lemma mem_cycle_edge_iff:
  assumes "is_cycle E vs" "i < length vs" "l < length vs"
  shows "vs ! i \<in> cycle_edge vs l \<longleftrightarrow> i = l \<or> i = Suc l mod length vs"
proof -
  have "Suc l mod length vs < length vs"
    by (rule mod_less_divisor) (use assms(3) in linarith)
  then show ?thesis
    using assms unfolding is_cycle_def cycle_edge_def by (auto simp: nth_eq_iff_index_eq)
qed

lemma inj_on_cycle_edge:
  assumes cyc: "is_cycle E vs"
  shows "inj_on (cycle_edge vs) {..<length vs}"
proof
  fix l l' assume l: "l \<in> {..<length vs}" and l': "l' \<in> {..<length vs}"
    and eq: "cycle_edge vs l = cycle_edge vs l'"
  have "l = l' \<or> l = Suc l' mod length vs" "l' = l \<or> l' = Suc l mod length vs"
    using mem_cycle_edge_iff[OF cyc] l l' eq unfolding cycle_edge_def
    by (metis insertI1 lessThan_iff)+
  moreover have "length vs \<ge> 3"
    using cyc unfolding is_cycle_def by simp
  ultimately show "l = l'"
    using l l' by (auto simp: mod_Suc split: if_splits)
qed

lemma card_cycle_edges: "is_cycle E vs \<Longrightarrow> card (cycle_edges vs) = length vs"
  by (simp add: cycle_edges_eq_image card_image inj_on_cycle_edge)
text \<open>Conventions: a vector of R^d is a function nat => real, of which only
 the coordinates 1..d are used; a d1 x d2 matrix is a function nat => nat => real
 of which only entries (j,k) with j in 1..d1, k in 1..d2 are used.
 Layer weight matrices and biases are indexed by the layer number i in 1..K.\<close>

definition leaky :: "real \<Rightarrow> real \<Rightarrow> real" where
  "leaky a t = max t (a * t)"

definition vnorm :: "nat \<Rightarrow> (nat \<Rightarrow> real) \<Rightarrow> real" where
  "vnorm d u = sqrt (\<Sum>j=1..d. (u j)^2)"

definition frob :: "nat \<Rightarrow> nat \<Rightarrow> (nat \<Rightarrow> nat \<Rightarrow> real) \<Rightarrow> real" where
  "frob d1 d2 M = sqrt (\<Sum>j=1..d1. \<Sum>k=1..d2. (M j k)^2)"

definition proj_ball :: "nat \<Rightarrow> (nat \<Rightarrow> real) \<Rightarrow> (nat \<Rightarrow> real)" where
  "proj_ball d u = (if vnorm d u \<le> 1 then u else (\<lambda>j. u j / vnorm d u))"

definition matvec :: "nat \<Rightarrow> (nat \<Rightarrow> nat \<Rightarrow> real) \<Rightarrow> (nat \<Rightarrow> real) \<Rightarrow> (nat \<Rightarrow> real)" where
  "matvec din M u = (\<lambda>j. \<Sum>k=1..din. M j k * u k)"

definition layer :: "real \<Rightarrow> nat \<Rightarrow> nat \<Rightarrow> (nat \<Rightarrow> nat \<Rightarrow> real) \<Rightarrow> (nat \<Rightarrow> real)
                     \<Rightarrow> (nat \<Rightarrow> real) \<Rightarrow> (nat \<Rightarrow> real)" where
  "layer a din N Wi bi u = proj_ball N (\<lambda>j. leaky a (matvec din Wi u j + bi j))"

definition in_dim :: "nat \<Rightarrow> nat \<Rightarrow> nat \<Rightarrow> nat" where
  "in_dim n N i = (if i = 1 then n else N)"

fun feat :: "real \<Rightarrow> nat \<Rightarrow> nat \<Rightarrow> (nat \<Rightarrow> nat \<Rightarrow> nat \<Rightarrow> real) \<Rightarrow> (nat \<Rightarrow> nat \<Rightarrow> real)
             \<Rightarrow> nat \<Rightarrow> (nat \<Rightarrow> real) \<Rightarrow> (nat \<Rightarrow> real)" where
  "feat a n N Ws bs 0 x = x"
| "feat a n N Ws bs (Suc i) x =
     layer a (in_dim n N (Suc i)) N (Ws (Suc i)) (bs (Suc i)) (feat a n N Ws bs i x)"

definition net :: "real \<Rightarrow> nat \<Rightarrow> nat \<Rightarrow> nat \<Rightarrow> (nat \<Rightarrow> nat \<Rightarrow> real) \<Rightarrow> (nat \<Rightarrow> real)
                   \<Rightarrow> (nat \<Rightarrow> nat \<Rightarrow> nat \<Rightarrow> real) \<Rightarrow> (nat \<Rightarrow> nat \<Rightarrow> real)
                   \<Rightarrow> (nat \<Rightarrow> real) \<Rightarrow> (nat \<Rightarrow> real)" where
  "net a n N K W b Ws bs x = (\<lambda>j. matvec N W (feat a n N Ws bs K x) j + b j)"

definition loss :: "nat \<Rightarrow> real \<Rightarrow> (nat \<Rightarrow> real) \<Rightarrow> nat \<Rightarrow> real" where
  "loss m \<alpha> hx y = (1 / real m) * (\<Sum>y'\<in>{1..m} - {y}. max 0 (1 - \<alpha> * (hx y - hx y')))"
lemma dist_grid_center:
  assumes "p \<noteq> q" "0 < n"
  shows "2 / n \<le> dist (grid_center a n p) (grid_center a n q)"
proof -
  define \<delta>\<^sub>1 where "\<delta>\<^sub>1 = real (fst p) - real (fst q)"
  define \<delta>\<^sub>2 where "\<delta>\<^sub>2 = real (snd p) - real (snd q)"
  have "(2 * real (fst p) + 1) / n - (2 * real (fst q) + 1) / n = 2 * \<delta>\<^sub>1 / n"
       "(2 * real (snd p) + 1) / n - (2 * real (snd q) + 1) / n = 2 * \<delta>\<^sub>2 / n"
    by (simp_all add: \<delta>\<^sub>1_def \<delta>\<^sub>2_def diff_divide_distrib[symmetric] algebra_simps)
  moreover have "grid_center a n p - grid_center a n q
      = ((2 * real (fst p) + 1) / n - (2 * real (fst q) + 1) / n) *\<^sub>R u
      + ((2 * real (snd p) + 1) / n - (2 * real (snd q) + 1) / n) *\<^sub>R v"
    unfolding grid_center_def by (simp add: algebra_simps)
  ultimately have diff: "grid_center a n p - grid_center a n q = (2 * \<delta>\<^sub>1 / n) *\<^sub>R u + (2 * \<delta>\<^sub>2 / n) *\<^sub>R v"
    by simp
  have "(dist (grid_center a n p) (grid_center a n q))\<^sup>2 = (2 * \<delta>\<^sub>1 / n)\<^sup>2 + (2 * \<delta>\<^sub>2 / n)\<^sup>2"
    by (simp only: dist_norm diff power2_norm_scaleR_add)
  also have "\<dots> = (2 / n)\<^sup>2 * (\<delta>\<^sub>1\<^sup>2 + \<delta>\<^sub>2\<^sup>2)"
    using assms(2) by (simp add: power2_eq_square field_simps)
  finally have "(dist (grid_center a n p) (grid_center a n q))\<^sup>2 = (2 / n)\<^sup>2 * (\<delta>\<^sub>1\<^sup>2 + \<delta>\<^sub>2\<^sup>2)" .
  moreover have "1 \<le> \<delta>\<^sub>1\<^sup>2 + \<delta>\<^sub>2\<^sup>2"
  proof (cases "fst p = fst q")
    case True
    with assms(1) have "snd p \<noteq> snd q" by (simp add: prod_eq_iff)
    with True show ?thesis
      using one_le_power2_diff_of_nat by (simp add: \<delta>\<^sub>1_def \<delta>\<^sub>2_def)
  next
    case False
    then show ?thesis
      using one_le_power2_diff_of_nat[OF False] zero_le_power2[of \<delta>\<^sub>2] unfolding \<delta>\<^sub>1_def by linarith
  qed
  ultimately have "(2 / n)\<^sup>2 \<le> (dist (grid_center a n p) (grid_center a n q))\<^sup>2"
    by (metis mult_le_cancel_left1 zero_le_power2 not_le)
  then show ?thesis
    by (rule power2_le_imp_le) simp
qed

lemma disjoint_grid_balls:
  "p \<noteq> q \<Longrightarrow> 0 < n \<Longrightarrow> ball (grid_center a n p) (1 / n) \<inter> ball (grid_center a n q) (1 / n) = {}"
  using dist_grid_center by (intro disjoint_ballI) simp

lemma grid_ball_subset_square:
  assumes "p \<in> {..<n} \<times> {..<n}"
  shows "ball (grid_center a n p) (1 / n) \<subseteq> {a + s *\<^sub>R u + t *\<^sub>R v | s t. 0 < s \<and> s < 2 \<and> 0 < t \<and> t < 2}"
proof
  fix y assume y: "y \<in> ball (grid_center a n p) (1 / n)"
  define s t where "s = (y - a) \<bullet> u" and "t = (y - a) \<bullet> v"
  have "y = a + s *\<^sub>R u + t *\<^sub>R v"
    using orthonormal_expansion[of "y - a"] by (simp add: s_def t_def algebra_simps)
  have "(y - grid_center a n p) \<bullet> u = s - (2 * real (fst p) + 1) / n"
       "(y - grid_center a n p) \<bullet> v = t - (2 * real (snd p) + 1) / n"
    by (simp_all add: s_def t_def grid_center_def inner_diff_left inner_add_left
        inner_self_u inner_self_v orthogonal_uv orthogonal_vu)
  moreover have "\<bar>(y - grid_center a n p) \<bullet> w\<bar> < 1 / n" if "norm w = 1" for w
    using Cauchy_Schwarz_ineq2[of "y - grid_center a n p" w] y that
    by (simp add: dist_norm norm_minus_commute)
  ultimately have "\<bar>s - (2 * real (fst p) + 1) / n\<bar> < 1 / n" "\<bar>t - (2 * real (snd p) + 1) / n\<bar> < 1 / n"
    using norm_u norm_v by metis+
  then have "0 < s \<and> s < 2" "0 < t \<and> t < 2"
    using assms grid_coordinate_bounds[of "fst p" n] grid_coordinate_bounds[of "snd p" n] by auto
  with \<open>y = a + s *\<^sub>R u + t *\<^sub>R v\<close> show "y \<in> {a + s *\<^sub>R u + t *\<^sub>R v | s t. 0 < s \<and> s < 2 \<and> 0 < t \<and> t < 2}"
    by blast
qed

lemma finite_disjoint_disks_grid_disks:
  assumes "0 < n"
  shows "finite_disjoint_disks (grid_disks a n)"
  unfolding finite_disjoint_disks_def
proof (intro exI conjI)
  let ?D = "(\<lambda>p. (grid_center a n p, 1 / real n)) ` ({..<n} \<times> {..<n})"
  show "finite ?D" "\<forall>(c, r)\<in>?D. 0 < r"
    using assms by auto
  show "\<forall>d1\<in>?D. \<forall>d2\<in>?D. d1 \<noteq> d2 \<longrightarrow> ball (fst d1) (snd d1) \<inter> ball (fst d2) (snd d2) = {}"
  proof (intro ballI impI)
    fix d1 d2 assume "d1 \<in> ?D" "d2 \<in> ?D" "d1 \<noteq> d2"
    then obtain p q where "d1 = (grid_center a n p, 1 / n)" "d2 = (grid_center a n q, 1 / n)" "p \<noteq> q"
      by auto
    then show "ball (fst d1) (snd d1) \<inter> ball (fst d2) (snd d2) = {}"
      using disjoint_grid_balls[OF _ assms] by simp
  qed
  show "grid_disks a n = (\<Union>(c, r)\<in>?D. ball c r)"
    unfolding grid_disks_def by auto
qed

lemma measure_grid_disks:
  assumes "0 < n"
  shows "measure lebesgue (grid_disks a n) = pi"
proof -
  have "measure lebesgue (grid_disks a n)
      = (\<Sum>p\<in>{..<n} \<times> {..<n}. measure lebesgue (ball (grid_center a n p) (1 / n)))"
    unfolding grid_disks_def
    using disjoint_grid_balls[OF _ assms]
    by (intro measure_negligible_finite_Union_image) (auto simp: pairwise_def)
  also have "\<dots> = (\<Sum>p\<in>{..<n} \<times> {..<n}. pi * (1 / n)\<^sup>2)"
    by (intro sum.cong refl measure_ball_real2) simp
  also have "\<dots> = pi"
    using assms by (simp add: card_cartesian_product power2_eq_square)
  finally show ?thesis .
qed

lemma neumann_eig_grid_disks:
  assumes "k < n"
  shows "neumann_eig k (grid_disks a n) = 0"
proof (rule neumann_eig_eq_0_if_disjoint_open_parts)
  let ?B = "\<lambda>j. ball (grid_center a n (j, 0)) (1 / n)"
  have "0 < n" using assms by simp
  show "open (grid_disks a n)"
    unfolding grid_disks_def by blast
  fix i j assume "i \<le> k" "j \<le> k"
  show "open (?B j)" "?B j \<in> lmeasurable"
    by simp_all
  show "?B j \<noteq> {}"
    using \<open>0 < n\<close> by simp
  show "?B j \<subseteq> grid_disks a n"
    using \<open>j \<le> k\<close> assms unfolding grid_disks_def by (intro UN_upper) auto
  show "i \<noteq> j \<Longrightarrow> ?B i \<inter> ?B j = {}"
    using disjoint_grid_balls[OF _ \<open>0 < n\<close>] by simp
  have "grid_disks a n - ?B j = (\<Union>p\<in>{..<n} \<times> {..<n} - {(j, 0)}. ball (grid_center a n p) (1 / n))"
    unfolding grid_disks_def using disjoint_grid_balls[OF _ \<open>0 < n\<close>, of _ "(j, 0)" a] by blast
  then show "open (grid_disks a n - ?B j)"
    by (metis open_UN open_ball)
qed

end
· · · · · · ·
#### Work required:
Copy each line of the preceding material that contains "finally".

#### Reply:
  finally have "(dist (grid_center a n p) (grid_center a n q))\<^sup>2 = (2 / n)\<^sup>2 * (\<delta>\<^sub>1\<^sup>2 + \<delta>\<^sub>2\<^sup>2)" .
  finally show ?thesis .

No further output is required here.